Refusing to look closely at the kitchen
walls, Sam went back to the bedroom where Rupert was sitting on the
bed, looking like a whipped puppy. “Hey, I’m sorry. I shouldn’t
have yelled at you.” She sat down beside him.

“And I shouldn’t have doubted you. That’s not
what friends do.” He took her hand.

“So, we’re good?”

“We’re good.” He patted her hand and gave it
a light squeeze. “Want some help with those cookies?”

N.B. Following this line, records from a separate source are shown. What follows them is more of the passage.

(* Let $G$ be an $n$-node graph of arboricity at most $a$ ($a\ge1$ an integer), let $k\ge 5a$, and let $C_1,C_2,\dots$ be the layers of the Decomposition procedure with parameters $b=2a$ and $k$. Let $E_1$ be the set of atypical edges. Suppose each node $u$ assigns to each edge of $E_1$ joining $u$ to a higher node a color in $\{1,\dots,2a\}$, distinct edges at $u$ receiving distinct colors (this is possible), and let $F_i\subseteq E_1$ be the set of edges with color $i$. Then for each $i\in\{1,\dots,2a\}$, the graph $G[F_i]$ is a forest in which every node has at most one higher neighbor. Moreover, if $c_i$ is any proper $3$-coloring of the nodes of $G[F_i]$ and $F_{i,j}=\{e\in F_i: c_i(\text{higher endpoint of } e)=j\}$ for $j\in\{1,2,3\}$, then every connected component of $G[F_{i,j}]$ is a star whose center is the highest node of the component.
   Context: Decomposition procedure with parameters $b,k$ on a graph $G$: set $V_0=V(G)$; for $i=1,2,\dots$: let $C_i$ be the set of nodes $u\in V_{i-1}$ with $\deg_{G[V_{i-1}]}(u)\le k$ such that at most $b$ neighbors of $u$ in $G[V_{i-1}]$ have degree greater than $k$ in $G[V_{i-1}]$; set $V_i=V_{i-1}\setminus C_i$; continue until all nodes are in some layer. Node $u$ is lower than node $v$ (and $v$ higher than $u$) if $u$'s layer index is smaller, or they are in the same layer and $u$ has smaller ID; the higher endpoint of an edge is its higher node. An edge $e=\{u,v\}$ with $u\in C_i$, $v\in C_j$, $i<j$ is atypical if $\deg_{G[V_{i-1}]}(v)>k$; $E_1$ is the set of atypical edges. $G[F]$ denotes the graph with edge set $F$ and vertex set the endpoints of edges in $F$. *)

theory Defs
  imports Main
begin

text \<open>Simple graphs: vertex set V, edge set E of 2-element subsets of V.
  Node IDs are given by a linear order on the vertex type.\<close>

definition simple_graph :: "'a set \<Rightarrow> 'a set set \<Rightarrow> bool" where
  "simple_graph V E \<longleftrightarrow> finite V \<and>
     (\<forall>e\<in>E. \<exists>u v. e = {u, v} \<and> u \<noteq> v \<and> u \<in> V \<and> v \<in> V)"

definition verts :: "'a set set \<Rightarrow> 'a set" where
  "verts F = \<Union>F"

definition forest :: "'a set set \<Rightarrow> bool" where
  "forest F \<longleftrightarrow> \<not> (\<exists>vs. length vs \<ge> 3 \<and> distinct vs \<and>
      (\<forall>i<length vs. {vs ! i, vs ! ((i + 1) mod length vs)} \<in> F))"

definition arboricity_le :: "'a set set \<Rightarrow> nat \<Rightarrow> bool" where
  "arboricity_le E a \<longleftrightarrow> (\<exists>Fs. (\<forall>i<a. forest (Fs i)) \<and> E = (\<Union>i<a. Fs i))"

definition deg_in :: "'a set set \<Rightarrow> 'a set \<Rightarrow> 'a \<Rightarrow> nat" where
  "deg_in E W u = card {v \<in> W. {u, v} \<in> E}"

text \<open>Set C_i of nodes removed in round i, given V_{i-1} = W.\<close>
definition removed :: "'a set set \<Rightarrow> nat \<Rightarrow> nat \<Rightarrow> 'a set \<Rightarrow> 'a set" where
  "removed E b k W = {u \<in> W. deg_in E W u \<le> k \<and>
      card {v \<in> W. {u, v} \<in> E \<and> deg_in E W v > k} \<le> b}"

primrec Vset :: "'a set \<Rightarrow> 'a set set \<Rightarrow> nat \<Rightarrow> nat \<Rightarrow> nat \<Rightarrow> 'a set" where
  "Vset V E b k 0 = V"
| "Vset V E b k (Suc i) = Vset V E b k i - removed E b k (Vset V E b k i)"

definition layer_set :: "'a set \<Rightarrow> 'a set set \<Rightarrow> nat \<Rightarrow> nat \<Rightarrow> nat \<Rightarrow> 'a set" where
  "layer_set V E b k i = (if i = 0 then {} else removed E b k (Vset V E b k (i - 1)))"

definition layer :: "'a set \<Rightarrow> 'a set set \<Rightarrow> nat \<Rightarrow> nat \<Rightarrow> 'a \<Rightarrow> nat" where
  "layer V E b k u = (LEAST i. u \<in> layer_set V E b k i)"

definition lower :: "'a set \<Rightarrow> 'a set set \<Rightarrow> nat \<Rightarrow> nat \<Rightarrow> 'a::linorder \<Rightarrow> 'a \<Rightarrow> bool" where
  "lower V E b k u v \<longleftrightarrow> layer V E b k u < layer V E b k v \<or>
      (layer V E b k u = layer V E b k v \<and> u < v)"

definition atypical :: "'a set \<Rightarrow> 'a set set \<Rightarrow> nat \<Rightarrow> nat \<Rightarrow> 'a set set" where
  "atypical V E b k = {e \<in> E. \<exists>u v. e = {u, v} \<and> layer V E b k u < layer V E b k v \<and>
      deg_in E (Vset V E b k (layer V E b k u - 1)) v > k}"

definition valid_col :: "'a::linorder set \<Rightarrow> 'a set set \<Rightarrow> nat \<Rightarrow> nat \<Rightarrow> nat \<Rightarrow> ('a set \<Rightarrow> nat) \<Rightarrow> bool" where
  "valid_col V E b k a col \<longleftrightarrow>
     (\<forall>e\<in>atypical V E b k. col e \<in> {1..2*a}) \<and>
     (\<forall>u. inj_on col {e \<in> atypical V E b k. \<exists>v. e = {u, v} \<and> lower V E b k u v})"

definition adj_rel :: "'a set set \<Rightarrow> ('a \<times> 'a) set" where
  "adj_rel F = {(x, y). {x, y} \<in> F \<and> x \<noteq> y}"

definition components :: "'a set set \<Rightarrow> 'a set set" where
  "components F = {{w. (v, w) \<in> (adj_rel F)\<^sup>*} | v. v \<in> verts F}"

end

theory Submission
  imports Defs "HOL-Library.Product_Lexorder"
begin

text \<open>Each round of the decomposition removes a node: G[W] has at most a|W| edges, so some node has
  degree at most 2a \<le> k in G[W], and then at most 2a of its neighbours have large degree. Hence
  every node u lies in a layer C_i, and an atypical edge from u to a higher node v ends in a
  neighbour of degree > k in G[V_(i-1)]; there are at most b = 2a of them, so the colouring
  exists. In a colour class F_i every node has at most one higher neighbour. Ordering the nodes
  by (layer, ID), the lowest node of a cycle would have two, so F_i is a forest. In F_(i,j) every
  higher endpoint has colour j and, the colouring being proper, no lower endpoint has; so a
  component consists of a node of colour j together with nodes whose only higher neighbour it is,
  a star centred at its highest node.\<close>

section \<open>Edge counts in graphs of bounded arboricity\<close>

lemma not_forest_if_path_closes:
  assumes "distinct vs" and path: "\<And>i. Suc i < length vs \<Longrightarrow> {vs ! i, vs ! Suc i} \<in> F"
    and "2 \<le> j" "j < length vs" and closing: "{vs ! 0, vs ! j} \<in> F"
  shows "\<not> forest F"
proof -
  define cyc where "cyc = take (Suc j) vs"
  have len: "length cyc = Suc j" using \<open>j < length vs\<close> by (simp add: cyc_def)
  have "{cyc ! i, cyc ! ((i + 1) mod length cyc)} \<in> F" if "i < length cyc" for i
  proof (cases "i = j")
    case True
    then show ?thesis using closing len by (simp add: cyc_def insert_commute)
  next
    case False
    with that len have "Suc i < Suc j" by simp
    then show ?thesis using path[of i] \<open>j < length vs\<close> len by (simp add: cyc_def)
  qed
  moreover have "distinct cyc" using \<open>distinct vs\<close> by (simp add: cyc_def)
  moreover have "3 \<le> length cyc" using \<open>2 \<le> j\<close> len by simp
  ultimately show ?thesis unfolding forest_def by blast
qed

lemma not_forest_if_min_degree_two:
  assumes "finite W" "W \<noteq> {}"
    and two_nbrs: "\<And>x. x \<in> W \<Longrightarrow> \<exists>y\<in>W. \<exists>z\<in>W. y \<noteq> z \<and> y \<noteq> x \<and> z \<noteq> x \<and> {x, y} \<in> F \<and> {x, z} \<in> F"
  shows "\<not> forest F"
proof -
  \<comment> \<open>Prolong a path at its head by a neighbour other than the next vertex; as W is finite,
    this neighbour eventually lies on the path and closes a cycle.\<close>
  have path_not_forest: "\<not> forest F" if "vs \<noteq> []" "distinct vs" "set vs \<subseteq> W"
      "\<And>i. Suc i < length vs \<Longrightarrow> {vs ! i, vs ! Suc i} \<in> F" for vs
    using that
  proof (induction "card W - length vs" arbitrary: vs rule: less_induct)
    case less
    obtain v0 rest where vs: "vs = v0 # rest" using \<open>vs \<noteq> []\<close> by (cases vs) auto
    obtain y z where yz: "y \<in> W" "z \<in> W" "y \<noteq> z" "y \<noteq> v0" "z \<noteq> v0" "{v0, y} \<in> F" "{v0, z} \<in> F"
      using two_nbrs[of v0] less.prems(3) vs by auto
    then obtain x where x: "x \<in> W" "x \<noteq> v0" "{v0, x} \<in> F" and x_new: "rest \<noteq> [] \<Longrightarrow> x \<noteq> hd rest"
    proof (cases "rest \<noteq> [] \<and> y = hd rest")
      case True
      then show ?thesis using that[of z] yz by auto
    next
      case False
      then show ?thesis using that[of y] yz by auto
    qed
    show ?case
    proof (cases "x \<in> set vs")
      case False
      have "length (x # vs) \<le> card W"
        using False less.prems(2,3) x(1) \<open>finite W\<close>
        by (metis card_mono distinct.simps(2) distinct_card insert_subset list.set(2))
      moreover have "{(x # vs) ! i, (x # vs) ! Suc i} \<in> F" if "Suc i < length (x # vs)" for i
        using that x(3) vs less.prems(4)[of "i - 1"] by (cases i) (auto simp: insert_commute)
      ultimately show ?thesis
        using less.hyps[of "x # vs"] less.prems(2,3) False x(1) by (auto simp: diff_less_mono2)
    next
      case True
      then obtain j where j: "j < length vs" "vs ! j = x" by (metis in_set_conv_nth)
      have "j \<noteq> 0" using j x(2) vs by (metis nth_Cons_0)
      moreover have "j \<noteq> 1" using j x_new vs by (cases rest) (auto simp: One_nat_def)
      ultimately have "2 \<le> j" by simp
      then show ?thesis using not_forest_if_path_closes[OF less.prems(2,4)] j x(3) vs by simp
    qed
  qed
  obtain x where "x \<in> W" using \<open>W \<noteq> {}\<close> by blast
  then show ?thesis using path_not_forest[of "[x]"] by simp
qed

lemma forest_card_edges_le:
  assumes "forest F" and "finite W"
  shows "card {e \<in> F. e \<subseteq> W \<and> card e = 2} \<le> card W"
  using \<open>finite W\<close>
proof (induction W rule: finite_psubset_induct)
  case (psubset W)
  let ?edges = "\<lambda>W. {e \<in> F. e \<subseteq> W \<and> card e = 2}"
  let ?nbrs = "\<lambda>x. {y \<in> W. y \<noteq> x \<and> {x, y} \<in> F}"
  show ?case
  proof (cases "\<exists>x\<in>W. card (?nbrs x) \<le> 1")
    case True
    then obtain x where x: "x \<in> W" "card (?nbrs x) \<le> 1" by blast
    have "?edges W \<subseteq> ?edges (W - {x}) \<union> (\<lambda>y. {x, y}) ` ?nbrs x"
    proof
      fix e assume e: "e \<in> ?edges W"
      show "e \<in> ?edges (W - {x}) \<union> (\<lambda>y. {x, y}) ` ?nbrs x"
      proof (cases "x \<in> e")
        case True
        moreover obtain p q where "e = {p, q}" "p \<noteq> q" using e by (auto simp: card_2_iff)
        ultimately obtain y where "e = {x, y}" "y \<noteq> x" by (auto simp: insert_commute)
        then show ?thesis using e by auto
      qed (use e in auto)
    qed
    moreover have "finite (?edges (W - {x}))"
      by (rule finite_subset[of _ "Pow W"]) (use psubset.hyps(1) in auto)
    moreover have fin_nbrs: "finite (?nbrs x)" using psubset.hyps(1) by (rule rev_finite_subset) auto
    ultimately have "card (?edges W) \<le> card (?edges (W - {x}) \<union> (\<lambda>y. {x, y}) ` ?nbrs x)"
      by (intro card_mono) auto
    also have "\<dots> \<le> card (?edges (W - {x})) + card (?nbrs x)"
      by (rule order.trans[OF card_Un_le add_left_mono[OF card_image_le[OF fin_nbrs]]])
    also have "\<dots> \<le> card (W - {x}) + 1"
    proof -
      have "W - {x} \<subset> W" using x(1) by auto
      then show ?thesis using psubset.IH[of "W - {x}"] x(2) by linarith
    qed
    also have "\<dots> = card W" using x(1) psubset.hyps(1) by (metis card.remove Suc_eq_plus1)
    finally show ?thesis .
  next
    case False
    have "\<exists>y\<in>W. \<exists>z\<in>W. y \<noteq> z \<and> y \<noteq> x \<and> z \<noteq> x \<and> {x, y} \<in> F \<and> {x, z} \<in> F"
      if "x \<in> W" for x
    proof -
      have "finite (?nbrs x)" using psubset.hyps(1) by (rule rev_finite_subset) auto
      moreover have "\<not> card (?nbrs x) \<le> Suc 0" using False that by simp
      ultimately have "\<not> (\<forall>y\<in>?nbrs x. \<forall>z\<in>?nbrs x. y = z)"
        using card_le_Suc0_iff_eq by blast
      then show ?thesis by blast
    qed
    then have "W = {}"
      using not_forest_if_min_degree_two[OF psubset.hyps(1)] \<open>forest F\<close> by blast
    then show ?thesis by simp
  qed
qed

“Absolutely. I’ll just recheck all the locks
first.”

He went out to the truck while Sam made the
rounds, ignoring the green powder in several places. She rinsed her
fingers at the kitchen sink and the substance came right off. So
strange.

She drove back home, still shaky over the
fact that she was seeing things other people couldn’t see, hoping
that it wasn’t some alien concoction from the Planet Whatever.

 

 

 

Chapter 12

 

 

By two o’clock Rupert and Sam were up to
their elbows in cookies. He’d completely moved past the earlier
little tiff and pitched in with his practiced ease in the kitchen.
As Sam mixed each new flavor of dough he operated the press and
filled cookie sheets with neat rows of butter cookies, chocolate
spritz, butter-mint whirls and more. She shuffled them in and out
of the oven and onto cooling racks. As he worked up the final batch
she prepared decorator icing and began piping a variety of tiny
summer flowers onto the cooled ones. She loved to see how many
different styles she could come up with, customizing every order so
the customer always received a surprise.